((

(* Let $k$ be a field of characteristic zero and $T$ transcendental over $k$. Let $\mathcal{E}_0$ be the elliptic curve over $k(T)$ given by $(T^3+T+1)Y^2=X^3+X+1$, let $P=(T,1)\in\mathcal{E}_0(k(T))$, write $P_m=mP=(X_m,Y_m)$, and for $m\in\mathbb{Z}\setminus\{0\}$ put $\psi_m=X_m/(TY_m)\in k(T)$. For $m,n,r\in\mathbb{Z}\setminus\{0,1,-1\}$ let $$u=\psi_m\psi_n-\psi_r+\tfrac12 T^{-1},\qquad v=\psi_m\psi_n-\psi_r+\tfrac13 T^{-1}.$$ Let $\operatorname{ord}_T$ and $\operatorname{ord}_{T^{-1}}$ be the discrete valuations of $k(T)$ at $T$ and at $T^{-1}$, normalized with value group $\mathbb{Z}$. Then: (1) $\operatorname{ord}_T(u)=-2$ and $\operatorname{ord}_T(v)=-2$; (2) $nm=r$ if and only if ($\operatorname{ord}_{T^{-1}}(u)=1$ or $\operatorname{ord}_{T^{-1}}(v)=1$), and $nm\neq r$ if and only if ($\operatorname{ord}_{T^{-1}}(u)=0$ and $\operatorname{ord}_{T^{-1}}(v)=0$). *)

theory Defs
  imports "HOL-Computational_Algebra.Polynomial" "HOL-Computational_Algebra.Fraction_Field"
begin

definition varT :: "'k::field poly fract" where
  "varT = Fract [:0, 1:] 1"

definition ord_T :: "'k::field poly fract \<Rightarrow> int" where
  "ord_T f = (THE n. \<exists>p q. p \<noteq> 0 \<and> q \<noteq> 0 \<and> f = Fract p q \<and>
                          n = int (order 0 p) - int (order 0 q))"

definition ord_Tinv :: "'k::field poly fract \<Rightarrow> int" where
  "ord_Tinv f = (THE n. \<exists>p q. p \<noteq> 0 \<and> q \<noteq> 0 \<and> f = Fract p q \<and>
                          n = int (degree q) - int (degree p))"

text \<open>Points on the curve  c*Y^2 = X^3 + a*X + b  (projective: Inf is the
  point at infinity, the neutral element).\<close>
datatype 'f ecpt = Inf | Aff 'f 'f

fun ec_add :: "'f::field \<Rightarrow> 'f \<Rightarrow> 'f ecpt \<Rightarrow> 'f ecpt \<Rightarrow> 'f ecpt" where
  "ec_add c a Inf Q = Q"
| "ec_add c a (Aff x1 y1) Inf = Aff x1 y1"
| "ec_add c a (Aff x1 y1) (Aff x2 y2) =
     (if x1 = x2 \<and> y1 = - y2 then Inf
      else (let l = (if x1 = x2 then (3 * x1^2 + a) / (2 * c * y1)
                     else (y2 - y1) / (x2 - x1));
                x3 = c * l^2 - x1 - x2
            in Aff x3 (l * (x1 - x3) - y1)))"

fun ec_neg :: "'f::field ecpt \<Rightarrow> 'f ecpt" where
  "ec_neg Inf = Inf"
| "ec_neg (Aff x y) = Aff x (- y)"

fun ec_nmul :: "'f::field \<Rightarrow> 'f \<Rightarrow> nat \<Rightarrow> 'f ecpt \<Rightarrow> 'f ecpt" where
  "ec_nmul c a 0 P = Inf"
| "ec_nmul c a (Suc n) P = ec_add c a P (ec_nmul c a n P)"
lemma emeasure_countable_eq_infsum:
  assumes A: "countable A" and singletons: "\<And>x. x \<in> A \<Longrightarrow> {x} \<in> sets M"
  shows "emeasure M A = (\<Sum>\<^sub>\<infinity>x\<in>A. emeasure M {x})"
proof -
  have finite_subset: "emeasure M G = (\<Sum>x\<in>G. emeasure M {x})" if "finite G" "G \<subseteq> A" for G
    using that singletons by (intro emeasure_eq_sum_singleton) auto
  have "(\<Sum>\<^sub>\<infinity>x\<in>A. emeasure M {x}) = (SUP G\<in>{G. finite G \<and> G \<subseteq> A}. \<Sum>x\<in>G. emeasure M {x})"
    by (rule nonneg_infsum_complete) simp
  also have "\<dots> = (SUP G\<in>{G. finite G \<and> G \<subseteq> A}. emeasure M G)"
    using finite_subset by (intro SUP_cong) auto
  also have "\<dots> = emeasure M A"
  proof (rule antisym)
    show "(SUP G\<in>{G. finite G \<and> G \<subseteq> A}. emeasure M G) \<le> emeasure M A"
      using sets.countable[OF singletons A] by (intro SUP_least emeasure_mono) auto
    show "emeasure M A \<le> (SUP G\<in>{G. finite G \<and> G \<subseteq> A}. emeasure M G)"
    proof (cases "A = {}")
      case False
      define G where "G n = from_nat_into A ` {..n}" for n
      have G: "finite (G n)" "G n \<subseteq> A" for n
        using from_nat_into[OF False] by (auto simp: G_def)
      have "A = (\<Union>n. G n)"
        using G range_from_nat_into[OF False A] by (auto simp: G_def) (metis atMost_iff image_eqI order_refl rangeE)
      moreover have "range G \<subseteq> sets M"
        using G singletons by (blast intro: sets.countable countable_finite)
      moreover have "incseq G"
        by (auto simp: G_def incseq_def)
      ultimately have "emeasure M A = (SUP n. emeasure M (G n))"
        by (simp add: SUP_emeasure_incseq)
      also have "\<dots> \<le> (SUP G\<in>{G. finite G \<and> G \<subseteq> A}. emeasure M G)"
        using G by (intro SUP_mono) blast
      finally show ?thesis .
    qed simp
  qed
  finally show ?thesis ..
qed

lemma space_borel_of: "space (borel_of X) = topspace X"
  unfolding borel_of_def by (simp add: space_measure_of_conv)

lemma sets_borel_of: "sets (borel_of X) = sigma_sets (topspace X) {U. openin X U}"
  unfolding borel_of_def by (rule sets_measure_of) (auto dest: openin_subset)

lemma borel_of_open: "openin X U \<Longrightarrow> U \<in> sets (borel_of X)"
  by (simp add: sets_borel_of sigma_sets.Basic)

lemma borel_of_closed: "closedin X C \<Longrightarrow> C \<in> sets (borel_of X)"
  using borel_of_open[of X "topspace X - C"] sets.compl_sets[of "topspace X - C" "borel_of X"]
  by (simp add: closedin_def space_borel_of double_diff)

lemma
  assumes "radon_measure X M"
  shows space_radon_measure: "space M = topspace X"
    and radon_measure_closed_sets: "closedin X C \<Longrightarrow> C \<in> sets M"
    and radon_measure_inner_regular:
      "B \<in> sets M \<Longrightarrow> emeasure M B = (SUP K\<in>{K. compactin X K \<and> K \<subseteq> B}. emeasure M K)"
  using assms unfolding radon_measure_def
  by (auto simp: space_borel_of borel_of_closed dest: sets_eq_imp_space_eq)

lemma radon_measure_null_if_compact_null:
  assumes R: "radon_measure X M" and B: "B \<in> sets M"
    and compact_null: "\<And>K. compactin X K \<Longrightarrow> K \<subseteq> B \<Longrightarrow> emeasure M K = 0"
  shows "B \<in> null_sets M"
proof -
  have "emeasure M B = (SUP K\<in>{K. compactin X K \<and> K \<subseteq> B}. emeasure M K)"
    using B by (rule radon_measure_inner_regular[OF R])
  also have "\<dots> \<le> 0"
    using compact_null by (intro SUP_least) simp
  finally show ?thesis
    using B by (simp add: null_sets_def)
qed
lemma left_ideal_wrt_flip: "left_ideal_wrt (\<lambda>a b. b * a) = right_ideal"
  by (simp add: fun_eq_iff right_ideal_def left_ideal_wrt_def)

locale mult_ring =
  fixes mul :: "'a::ring_1 \<Rightarrow> 'a \<Rightarrow> 'a"
  assumes mul_assoc: "mul (mul a b) c = mul a (mul b c)"
    and mul_distrib_left: "mul a (b + c) = mul a b + mul a c"
    and mul_distrib_right: "mul (a + b) c = mul a c + mul b c"
    and mul_one_left: "mul 1 a = a"
begin

lemma mul_zero_left: "mul 0 a = 0"
  using mul_distrib_right[of 0 0 a] by simp

lemma mul_zero_right: "mul a 0 = 0"
  using mul_distrib_left[of a 0 0] by simp

lemma mul_minus_left: "mul (- a) b = - mul a b"
  using mul_distrib_right[of a "- a" b] by (simp add: mul_zero_left add.inverse_unique)

lemma mul_minus_right: "mul a (- b) = - mul a b"
  using mul_distrib_left[of a b "- b"] by (simp add: mul_zero_right add.inverse_unique)

lemma mul_diff_left: "mul (a - b) c = mul a c - mul b c"
  using mul_distrib_right[of a "- b" c] by (simp add: mul_minus_left)

lemma idealI:
  "0 \<in> I \<Longrightarrow> (\<And>x y. x \<in> I \<Longrightarrow> y \<in> I \<Longrightarrow> x + y \<in> I) \<Longrightarrow> (\<And>x. x \<in> I \<Longrightarrow> - x \<in> I)
    \<Longrightarrow> (\<And>r x. x \<in> I \<Longrightarrow> mul r x \<in> I) \<Longrightarrow> left_ideal_wrt mul I"
  unfolding left_ideal_wrt_def by blast

lemma ideal_zero: "left_ideal_wrt mul I \<Longrightarrow> 0 \<in> I"
  and ideal_add: "left_ideal_wrt mul I \<Longrightarrow> x \<in> I \<Longrightarrow> y \<in> I \<Longrightarrow> x + y \<in> I"
  and ideal_uminus: "left_ideal_wrt mul I \<Longrightarrow> x \<in> I \<Longrightarrow> - x \<in> I"
  and ideal_mul: "left_ideal_wrt mul I \<Longrightarrow> x \<in> I \<Longrightarrow> mul r x \<in> I"
  unfolding left_ideal_wrt_def by blast+

lemma ideal_diff: "left_ideal_wrt mul I \<Longrightarrow> x \<in> I \<Longrightarrow> y \<in> I \<Longrightarrow> x - y \<in> I"
  by (metis diff_conv_add_uminus ideal_add ideal_uminus)

lemma ideal_UNIV: "left_ideal_wrt mul UNIV"
  by (rule idealI) auto

lemma ideal_Int: "left_ideal_wrt mul I \<Longrightarrow> left_ideal_wrt mul K \<Longrightarrow> left_ideal_wrt mul (I \<inter> K)"
  unfolding left_ideal_wrt_def by blast

lemma ideal_sum:
  assumes C: "left_ideal_wrt mul C" and D: "left_ideal_wrt mul D"
  shows "left_ideal_wrt mul (ideal_sum C D)"
proof (rule idealI)
  show "0 \<in> ideal_sum C D"
    unfolding ideal_sum_def using ideal_zero[OF C] ideal_zero[OF D] by force
next
  fix x y assume "x \<in> ideal_sum C D" "y \<in> ideal_sum C D"
  then obtain a b a' b' where "x = a + b" "y = a' + b'" "a \<in> C" "b \<in> D" "a' \<in> C" "b' \<in> D"
    unfolding ideal_sum_def by blast
  then show "x + y \<in> ideal_sum C D"
    unfolding ideal_sum_def using ideal_add[OF C] ideal_add[OF D]
    by (intro CollectI exI[of _ "a + a'"] exI[of _ "b + b'"]) (simp add: algebra_simps)
next
  fix x r assume "x \<in> ideal_sum C D"
  then obtain a b where "x = a + b" "a \<in> C" "b \<in> D"
    unfolding ideal_sum_def by blast
  then show "- x \<in> ideal_sum C D"
    unfolding ideal_sum_def using C D
    by (intro CollectI exI[of _ "- a"] exI[of _ "- b"]) (simp add: ideal_uminus)
  show "mul r x \<in> ideal_sum C D"
    unfolding ideal_sum_def using \<open>x = a + b\<close> \<open>a \<in> C\<close> \<open>b \<in> D\<close> C D
    by (intro CollectI exI[of _ "mul r a"] exI[of _ "mul r b"]) (simp add: ideal_mul mul_distrib_left)
qed

lemma ideal_sum_subset_left: "left_ideal_wrt mul D \<Longrightarrow> C \<subseteq> ideal_sum C D"
  and ideal_sum_subset_right: "left_ideal_wrt mul C \<Longrightarrow> D \<subseteq> ideal_sum C D"
  unfolding ideal_sum_def by (force dest: ideal_zero)+

lemma ideal_colon: "left_ideal_wrt mul I \<Longrightarrow> left_ideal_wrt mul {r. mul r m \<in> I}"
  by (rule idealI) (simp_all add: ideal_zero ideal_add ideal_uminus ideal_mul
      mul_zero_left mul_distrib_right mul_minus_left mul_assoc)

lemma ideal_add_multiples:
  assumes I: "left_ideal_wrt mul I" and L: "left_ideal_wrt mul L"
  shows "left_ideal_wrt mul {a + mul l m | a l. a \<in> I \<and> l \<in> L}"
proof (rule idealI)
  show "0 \<in> {a + mul l m | a l. a \<in> I \<and> l \<in> L}"
    using ideal_zero[OF I] ideal_zero[OF L] by (force simp: mul_zero_left)
next
  fix x y assume "x \<in> {a + mul l m | a l. a \<in> I \<and> l \<in> L}" "y \<in> {a + mul l m | a l. a \<in> I \<and> l \<in> L}"
  then obtain a l a' l' where "x = a + mul l m" "y = a' + mul l' m" "a \<in> I" "l \<in> L" "a' \<in> I" "l' \<in> L"
    by blast
  then show "x + y \<in> {a + mul l m | a l. a \<in> I \<and> l \<in> L}"
    using ideal_add[OF I] ideal_add[OF L]
    by (intro CollectI exI[of _ "a + a'"] exI[of _ "l + l'"]) (simp add: algebra_simps mul_distrib_right)
next
  fix x r assume "x \<in> {a + mul l m | a l. a \<in> I \<and> l \<in> L}"
  then obtain a l where al: "x = a + mul l m" "a \<in> I" "l \<in> L"
    by blast
  then show "- x \<in> {a + mul l m | a l. a \<in> I \<and> l \<in> L}"
    using I L by (intro CollectI exI[of _ "- a"] exI[of _ "- l"]) (simp add: ideal_uminus mul_minus_left)
  show "mul r x \<in> {a + mul l m | a l. a \<in> I \<and> l \<in> L}"
    using al I L by (intro CollectI exI[of _ "mul r a"] exI[of _ "mul r l"])
      (simp add: ideal_mul mul_distrib_left mul_assoc)
qed

lemma subset_add_multiples: "left_ideal_wrt mul L \<Longrightarrow> I \<subseteq> {a + mul l m | a l. a \<in> I \<and> l \<in> L}"
  by (force dest: ideal_zero intro: exI[of _ 0] simp: mul_zero_left)

lemma ideal_chain_Union:
  assumes "Ch \<noteq> {}" and "\<And>X. X \<in> Ch \<Longrightarrow> left_ideal_wrt mul X"
    and "\<And>X Y. X \<in> Ch \<Longrightarrow> Y \<in> Ch \<Longrightarrow> X \<subseteq> Y \<or> Y \<subseteq> X"
  shows "left_ideal_wrt mul (\<Union>Ch)"
proof (rule idealI)
  show "0 \<in> \<Union>Ch"
    using assms(1,2) ideal_zero by blast
next
  fix x y assume "x \<in> \<Union>Ch" "y \<in> \<Union>Ch"
  then obtain X Y where "x \<in> X" "y \<in> Y" "X \<in> Ch" "Y \<in> Ch"
    by blast
  with assms(2) assms(3)[of X Y] show "x + y \<in> \<Union>Ch"
    by (meson UnionI ideal_add subsetD)
next
  fix x r assume "x \<in> \<Union>Ch"
  then show "- x \<in> \<Union>Ch" "mul r x \<in> \<Union>Ch"
    using assms(2) ideal_uminus ideal_mul by blast+
qed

))

▶ EXERCISE DESCRIPTION:
From the listing above, return the lines starting at the one with "by (simp add: SUP_emeasure_incseq)" and ending at the one with "unfolding borel_of_def by (rule", both kept, exactly as they appear and nothing more.

▶ ANSWER FOR THE TASK:
        by (simp add: SUP_emeasure_incseq)
      also have "\<dots> \<le> (SUP G\<in>{G. finite G \<and> G \<subseteq> A}. emeasure M G)"
        using G by (intro SUP_mono) blast
      finally show ?thesis .
    qed simp
  qed
  finally show ?thesis ..
qed

lemma space_borel_of: "space (borel_of X) = topspace X"
  unfolding borel_of_def by (simp add: space_measure_of_conv)

lemma sets_borel_of: "sets (borel_of X) = sigma_sets (topspace X) {U. openin X U}"
  unfolding borel_of_def by (rule sets_measure_of) (auto dest: openin_subset)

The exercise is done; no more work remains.